Sunday, December 6, 2009

Update on the hijab debate

By Alexis Yancey Jaami
New Thought News Service

"What's a mother to do? A mother in the U.S. should not have to have a stranger disrespect her daughter because she loves her faith and wears a head scarf. Or have strangers tell her, 'Your God is not our God. Go back to your country.'"
Powerful testimony at a Sunday Parliament workshop from Janaam Hashim, a Chicago attorney who runs a criminal defense and civil rights law firm with five other Muslim women lawyers. Amal Law Group is the first of its kind in the U.S.


                               Attorney Janaam Hashim explains how U.S. 
                               laws protect religious freedom such as women 
                               who wear hijab.

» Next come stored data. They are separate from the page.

lemma Lop_lowers_degree: "q \<noteq> 0 \<Longrightarrow> homogeneous as m f \<Longrightarrow> homogeneous as (m-1) (Lop q us vs as f)"
proof (induction as arbitrary: m f)
  case Nil
  have "Lop q us vs [] f = (\<lambda>w. 0)" by (rule ext) (simp add: Lop_def tapp_Nil_e)
  then show ?case by (simp add: homogeneous_zero)
next
  case (Cons a as)
  from Cons.prems(2) have hom_x: "homogeneous as m (\<lambda>w. f (True#w))"
    and hom_y: "homogeneous as (m - 1) (\<lambda>w. f (False#w))" by (auto simp: homogeneous_Cons)
  have on_x: "(\<lambda>w. Lop q us vs (a#as) f (True#w)) = (\<lambda>w. Lop q us vs as (\<lambda>w. f (True#w)) w
     + us * tapp q as K1g (\<lambda>w. f (False#w)) w
     + (vs * (q * q * inverse a)) * tapp q as K0g (\<lambda>w. f (False#w)) w)"
    by (rule ext) (simp add: Lop_x Cons.prems(1))
  have on_y: "(\<lambda>w. Lop q us vs (a#as) f (False#w)) = Lop q us vs as (\<lambda>w. f (False#w))"
    by (rule ext) (simp add: Lop_y Cons.prems(1))
  have "homogeneous as (m - 1) (\<lambda>w. Lop q us vs (a#as) f (True#w))"
    unfolding on_x
    by (intro homogeneous_combination Cons.IH[OF Cons.prems(1) hom_x]
        K_preserves_homogeneous[OF Cons.prems(1) _ hom_y]) auto
  moreover have "homogeneous as (m - 1 - 1) (\<lambda>w. Lop q us vs (a#as) f (False#w))"
    unfolding on_y using Cons.IH[OF Cons.prems(1) hom_y] .
  ultimately show ?case by (simp add: homogeneous_Cons Lop_length)
qed

lemma Rop_power_homogeneous:
  "q \<noteq> 0 \<Longrightarrow> homogeneous as (int m) ((Rop q u v as ^^ m) (xvec (length as)))"
proof (induction m)
  case 0 then show ?case by (simp add: xvec_homogeneous)
next
  case (Suc m)
  then show ?case using Rop_raises_degree[OF Suc.prems Suc.IH[OF Suc.prems]] by (simp add: add.commute)
qed

lemma Lop_Rop_power_homogeneous: "q \<noteq> 0 \<Longrightarrow>
    homogeneous as (int m - int t) ((Lop q us vs as ^^ t) ((Rop q u v as ^^ m) (xvec (length as))))"
proof (induction t)
  case 0 then show ?case by (simp add: Rop_power_homogeneous)
next
  case (Suc t)
  then show ?case using Lop_lowers_degree[OF Suc.prems Suc.IH[OF Suc.prems]] by (simp add: algebra_simps)
qed

section \<open>The recursion for zeta\<close>

lemma Rop_power_Cons:
  assumes q: "q \<noteq> 0"
  shows "(\<lambda>w. (Rop q u v (a#as) ^^ m) (xvec (Suc (length as))) (True#w))
           = (Rop q u v as ^^ m) (xvec (length as))
    \<and> (\<lambda>w. (Rop q u v (a#as) ^^ m) (xvec (Suc (length as))) (False#w))
        = (\<lambda>w. (\<Sum>j<m. rcoeff q u v a (length as) j) * (Rop q u v as ^^ (m-1)) (xvec (length as)) w)"
proof (induction m)
  case 0
  then show ?case by (auto simp: xvec_def)
next
  case (Suc m)
  let ?G = "(Rop q u v (a#as) ^^ m) (xvec (Suc (length as)))"
  let ?X = "xvec (length as)"
  let ?A = "\<Sum>j<m. rcoeff q u v a (length as) j"
  have on_x: "(\<lambda>w. ?G (True#w)) = (Rop q u v as ^^ m) ?X"
    and on_y: "(\<lambda>w. ?G (False#w)) = (\<lambda>w. ?A * (Rop q u v as ^^ (m-1)) ?X w)"
    using Suc.IH by auto
  have hom: "homogeneous as (int m) ((Rop q u v as ^^ m) ?X)" using Rop_power_homogeneous[OF q] .
  have R_y: "Rop q u v as (\<lambda>w. ?A * (Rop q u v as ^^ (m-1)) ?X w) w = ?A * (Rop q u v as ^^ m) ?X w" for w
    by (cases m) (simp_all add: Rop_zero Rop_smult)
  have "(\<lambda>w. (Rop q u v (a#as) ^^ Suc m) (xvec (Suc (length as))) (True#w))
      = (Rop q u v as ^^ Suc m) ?X"
    using on_x by (simp add: Rop_x q)
  moreover have "(\<lambda>w. (Rop q u v (a#as) ^^ Suc m) (xvec (Suc (length as))) (False#w))
     = (\<lambda>w. Rop q u v as (\<lambda>w. ?G (False#w)) w + u * (inverse q * a) * tapp q as K0g (\<lambda>w. ?G (True#w)) w
           + v * q * tapp q as K1g (\<lambda>w. ?G (True#w)) w)"
    by (simp add: Rop_y q)
  moreover have "\<dots> = (\<lambda>w. (\<Sum>j<Suc m. rcoeff q u v a (length as) j) * (Rop q u v as ^^ (Suc m - 1)) ?X w)"
    unfolding on_x on_y
    by (rule ext, simp only: R_y K0_homogeneous[OF q hom] K1_homogeneous[OF q hom]
        sum.lessThan_Suc diff_Suc_1) (simp add: rcoeff_def algebra_simps)
  ultimately show ?case by simp
qed

lemma Lop_power_Cons:
  assumes q: "q \<noteq> 0"
    and G_x: "(\<lambda>w. G (True#w)) = P"
    and G_y: "(\<lambda>w. G (False#w)) = (\<lambda>w. A * (Rop q u v as ^^ j) (xvec (length as)) w)"
    and t: "t \<le> Suc j"
  shows "(\<lambda>w. (Lop q us vs (a#as) ^^ t) G (False#w))
           = (\<lambda>w. A * (Lop q us vs as ^^ t) ((Rop q u v as ^^ j) (xvec (length as))) w)
    \<and> (\<lambda>w. (Lop q us vs (a#as) ^^ t) G (True#w)) = (\<lambda>w. (Lop q us vs as ^^ t) P w
        + (\<Sum>s<t. lcoeff q us vs a (length as) (j - s)) * A
          * (Lop q us vs as ^^ (t-1)) ((Rop q u v as ^^ j) (xvec (length as))) w)"
  using t
proof (induction t)
  case 0
  then show ?case using G_x G_y by simp
next
  case (Suc t)
  let ?Q = "(Rop q u v as ^^ j) (xvec (length as))"
  let ?H = "(Lop q us vs (a#as) ^^ t) G"
  let ?S = "\<Sum>s<t. lcoeff q us vs a (length as) (j - s)"
  have on_y: "(\<lambda>w. ?H (False#w)) = (\<lambda>w. A * (Lop q us vs as ^^ t) ?Q w)"
    and on_x: "(\<lambda>w. ?H (True#w)) = (\<lambda>w. (Lop q us vs as ^^ t) P w + ?S * A * (Lop q us vs as ^^ (t-1)) ?Q w)"
    using Suc.IH Suc.prems by auto
  have hom: "homogeneous as (int (j - t)) ((Lop q us vs as ^^ t) ?Q)"
    using Lop_Rop_power_homogeneous[OF q, of as j t us vs u v] Suc.prems by (simp add: of_nat_diff)
  have L_x: "Lop q us vs as (\<lambda>w. ?S * A * (Lop q us vs as ^^ (t-1)) ?Q w) w
      = ?S * A * (Lop q us vs as ^^ t) ?Q w" for w
    by (cases t) (simp_all add: Lop_zero Lop_smult)
  have "(\<lambda>w. (Lop q us vs (a#as) ^^ Suc t) G (False#w)) = (\<lambda>w. A * (Lop q us vs as ^^ Suc t) ?Q w)"
    by (rule ext) (simp add: Lop_y q on_y Lop_smult)
  moreover have "(\<lambda>w. (Lop q us vs (a#as) ^^ Suc t) G (True#w)) = (\<lambda>w. Lop q us vs as (\<lambda>w. ?H (True#w)) w
      + us * tapp q as K1g (\<lambda>w. ?H (False#w)) w + vs * (q * q * inverse a) * tapp q as K0g (\<lambda>w. ?H (False#w)) w)"
    by (rule ext) (simp add: Lop_x q)
  moreover have "\<dots> = (\<lambda>w. (Lop q us vs as ^^ Suc t) P w
        + (\<Sum>s<Suc t. lcoeff q us vs a (length as) (j - s)) * A * (Lop q us vs as ^^ (Suc t - 1)) ?Q w)"
    unfolding on_x on_y
    by (rule ext, simp only: Lop_add L_x tapp_smult K1_homogeneous[OF q hom] K0_homogeneous[OF q hom]
        sum.lessThan_Suc diff_Suc_1) (simp add: lcoeff_def algebra_simps)
  ultimately show ?case by simp
qed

Hashim says that since 9/11, the U.S. Department of Justice has successfully prosecuted 42 cases of religious profiling against Muslims, Sikhs and Arabs.
The First and 14th Amendments protect religious freedom in the United States, as does the Religious Freedom Restoration Act.
Hashim noted that some states once banned religious garb in public schools, not due to hijab, but because some did not want nuns wearing habits to enter public schools.
"The number one reason I love my country is because I can practice my faith the way I want to," Hashim said.

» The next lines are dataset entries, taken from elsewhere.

lemma abs_eq_imp_sign_mult:
  fixes x a :: int
  assumes "\<bar>x\<bar> = a" "0 < a"
  obtains s where "s \<in> {1, -1}" "x = s * a"
  using assms by (cases "0 \<le> x") (auto intro: that[of 1] that[of "-1"])

section \<open>Inserting into and swapping entries of lists\<close>

definition insert_at :: "nat \<Rightarrow> 'a \<Rightarrow> 'a list \<Rightarrow> 'a list" where
  "insert_at p x xs = take p xs @ x # drop p xs"

lemma length_insert_at [simp]: "length (insert_at p x xs) = Suc (length xs)"
  by (simp add: insert_at_def)

lemma map_insert_at: "map f (insert_at p x xs) = insert_at p (f x) (map f xs)"
  by (simp add: insert_at_def take_map drop_map)

lemma set_insert_at [simp]: "set (insert_at p x xs) = insert x (set xs)"
  using set_append[of "take p xs" "drop p xs"] by (auto simp: insert_at_def)

lemma distinct_insert_at [simp]: "distinct (insert_at p x xs) \<longleftrightarrow> distinct (x # xs)"
proof -
  have "distinct (x # xs) \<longleftrightarrow> distinct (x # take p xs @ drop p xs)" by simp
  then show ?thesis
    using set_append[of "take p xs" "drop p xs"]
    by (auto simp: insert_at_def simp del: append_take_drop_id)
qed

lemma nth_insert_at_self: "p \<le> length xs \<Longrightarrow> insert_at p x xs ! p = x"
  by (simp add: insert_at_def nth_append)

lemma remove_nth_insert_at:
  "p \<le> length xs \<Longrightarrow> take p (insert_at p x xs) @ drop (Suc p) (insert_at p x xs) = xs"
  by (simp add: insert_at_def)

                               Hijab isn't always black. More and more 
                               Muslim women are wearing bright headscarves.

"Dialogue is the key to moving forward against Islamophobic issues," Musheed Ansari of Australia emphasized in the workshop, titled, "The Headscarf Debates: Religious Dress and Secular Fundamentalism."
Ansari told how an Australian woman expected to be spit on when she wore the hijab, but found the opposite was true, and regretted she thought her people would not respect her.
Australia has made progress on the issue; Ansari showed pictures of a group of Muslim female lifeguards who wear covering from head to toe and of Muslim women wearing the Australian flag as hijab.